◆ **TASK DIRECTIONS**: Reproduce the section of the listing that begins at the line containing "successively_append_iff by blast" and finishes at the line containing "rk v = (Restr". Include both end lines and nothing beyond them.

◆ **INPUT RECORDS**:
- - - - -

lemma walk_suffix_from_first:
  assumes "walk E p" "distinct p" "F \<subseteq> set p" "F \<noteq> {}"
  obtains p' where "walk E p'" "distinct p'" "p' \<noteq> []" "hd p' \<in> F" "last p' = last p" "F \<subseteq> set p'"
    "set p' \<subseteq> set p"
proof
  let ?p' = "dropWhile (\<lambda>z. z \<notin> F) p"
  have "walk E (takeWhile (\<lambda>z. z \<notin> F) p @ ?p')" using assms(1) by simp
  then show "walk E ?p'" unfolding successively_append_iff by blast
  show "distinct ?p'" using assms(2) by simp
  have "set p = set (takeWhile (\<lambda>z. z \<notin> F) p) \<union> set ?p'" by (simp flip: set_append)
  then show "F \<subseteq> set ?p'" using assms(3) by (auto dest: set_takeWhileD)
  show "?p' \<noteq> []" using assms(3,4) by auto
  then show "hd ?p' \<in> F" using hd_dropWhile[of "\<lambda>z. z \<notin> F" p] by simp
  show "last ?p' = last p" using assms(3,4) by (auto intro: dropWhile_last)
  show "set ?p' \<subseteq> set p" by (auto dest: set_dropWhileD)
qed

lemma length_le_circ:
  assumes "finite V" "is_dcycle V E c"
  shows "length c \<le> circ V E"
proof -
  have "{length c | c. is_dcycle V E c} \<subseteq> {..card V}"
    using assms(1) by (auto simp: is_dcycle_def) (metis card_mono distinct_card)
  then have "length c \<le> Max {length c | c. is_dcycle V E c}"
    using assms(2) by (intro Max_ge) (auto dest: finite_subset)
  with assms(2) show ?thesis by (auto simp: circ_def)
qed

lemma mem_UN_nth_before:
  fixes js :: "nat list"
  assumes "sorted_wrt (>) js" "q < length js" "j \<in> set js" "js ! q < j" "y \<in> f j"
  shows "y \<in> (\<Union>p < q. f (js ! p))"
proof -
  obtain p where p: "p < length js" "js ! p = j" using assms(3) by (auto simp: in_set_conv_nth)
  have "p < q"
  proof (rule ccontr)
    assume "\<not> p < q"
    then have "js ! p \<le> js ! q"
      using sorted_wrt_nth_less[OF assms(1), of q p] p(1) by (cases "p = q") auto
    with p(2) assms(4) show False by simp
  qed
  with p assms(5) show ?thesis by blast
qed

lemma sorted_wrt_greater_rev_sorted_list_of_set: "sorted_wrt (>) (rev (sorted_list_of_set C))"
  by (simp add: sorted_wrt_rev strict_sorted_list_of_set)

definition sublevel :: "'a set \<Rightarrow> ('a \<Rightarrow> nat) \<Rightarrow> 'a \<Rightarrow> 'a set" where
  "sublevel U rk v = {u \<in> U. rk u \<le> rk v}"

definition low_reach :: "('a \<times> 'a) set \<Rightarrow> 'a set \<Rightarrow> ('a \<Rightarrow> nat) \<Rightarrow> 'a \<Rightarrow> 'a set" where
  "low_reach E U rk v = (Restr E (sublevel U rk v))\<^sup>* `` {v}"

definition frontier :: "('a \<times> 'a) set \<Rightarrow> 'a set \<Rightarrow> ('a \<Rightarrow> nat) \<Rightarrow> 'a \<Rightarrow> 'a set" where
  "frontier E U rk v = {y \<in> U. rk v < rk y \<and> (\<exists>x \<in> low_reach E U rk v. (x, y) \<in> E)}"

lemma low_reach_refl: "v \<in> low_reach E U rk v"
  by (simp add: low_reach_def)

lemma low_reach_subset_sublevel:
  assumes "v \<in> U"
  shows "low_reach E U rk v \<subseteq> sublevel U rk v"
proof
  fix x assume "x \<in> low_reach E U rk v"
  then have "(v, x) \<in> (Restr E (sublevel U rk v))\<^sup>*" by (simp add: low_reach_def)
  then show "x \<in> sublevel U rk v"
    by (induction rule: rtrancl_induct) (use assms in \<open>auto simp: sublevel_def\<close>)
qed

lemma low_reach_trans:
  assumes "v \<in> U" "x \<in> low_reach E U rk v"
  shows "low_reach E U rk x \<subseteq> low_reach E U rk v"
proof
  fix y assume "y \<in> low_reach E U rk x"
  have "rk x \<le> rk v" using low_reach_subset_sublevel[OF assms(1)] assms(2) by (auto simp: sublevel_def)
  then have "Restr E (sublevel U rk x) \<subseteq> Restr E (sublevel U rk v)" by (auto simp: sublevel_def)
  then have "(x, y) \<in> (Restr E (sublevel U rk v))\<^sup>*"
    using \<open>y \<in> low_reach E U rk x\<close> rtrancl_mono unfolding low_reach_def by blast
  moreover have "(v, x) \<in> (Restr E (sublevel U rk v))\<^sup>*" using assms(2) by (simp add: low_reach_def)
  ultimately show "y \<in> low_reach E U rk v" by (simp add: low_reach_def)
qed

- - - - -

◆ **TASK RESULT**:
  then show "walk E ?p'" unfolding successively_append_iff by blast
  show "distinct ?p'" using assms(2) by simp
  have "set p = set (takeWhile (\<lambda>z. z \<notin> F) p) \<union> set ?p'" by (simp flip: set_append)
  then show "F \<subseteq> set ?p'" using assms(3) by (auto dest: set_takeWhileD)
  show "?p' \<noteq> []" using assms(3,4) by auto
  then show "hd ?p' \<in> F" using hd_dropWhile[of "\<lambda>z. z \<notin> F" p] by simp
  show "last ?p' = last p" using assms(3,4) by (auto intro: dropWhile_last)
  show "set ?p' \<subseteq> set p" by (auto dest: set_dropWhileD)
qed

lemma length_le_circ:
  assumes "finite V" "is_dcycle V E c"
  shows "length c \<le> circ V E"
proof -
  have "{length c | c. is_dcycle V E c} \<subseteq> {..card V}"
    using assms(1) by (auto simp: is_dcycle_def) (metis card_mono distinct_card)
  then have "length c \<le> Max {length c | c. is_dcycle V E c}"
    using assms(2) by (intro Max_ge) (auto dest: finite_subset)
  with assms(2) show ?thesis by (auto simp: circ_def)
qed

lemma mem_UN_nth_before:
  fixes js :: "nat list"
  assumes "sorted_wrt (>) js" "q < length js" "j \<in> set js" "js ! q < j" "y \<in> f j"
  shows "y \<in> (\<Union>p < q. f (js ! p))"
proof -
  obtain p where p: "p < length js" "js ! p = j" using assms(3) by (auto simp: in_set_conv_nth)
  have "p < q"
  proof (rule ccontr)
    assume "\<not> p < q"
    then have "js ! p \<le> js ! q"
      using sorted_wrt_nth_less[OF assms(1), of q p] p(1) by (cases "p = q") auto
    with p(2) assms(4) show False by simp
  qed
  with p assms(5) show ?thesis by blast
qed

lemma sorted_wrt_greater_rev_sorted_list_of_set: "sorted_wrt (>) (rev (sorted_list_of_set C))"
  by (simp add: sorted_wrt_rev strict_sorted_list_of_set)

definition sublevel :: "'a set \<Rightarrow> ('a \<Rightarrow> nat) \<Rightarrow> 'a \<Rightarrow> 'a set" where
  "sublevel U rk v = {u \<in> U. rk u \<le> rk v}"

definition low_reach :: "('a \<times> 'a) set \<Rightarrow> 'a set \<Rightarrow> ('a \<Rightarrow> nat) \<Rightarrow> 'a \<Rightarrow> 'a set" where
  "low_reach E U rk v = (Restr E (sublevel U rk v))\<^sup>* `` {v}"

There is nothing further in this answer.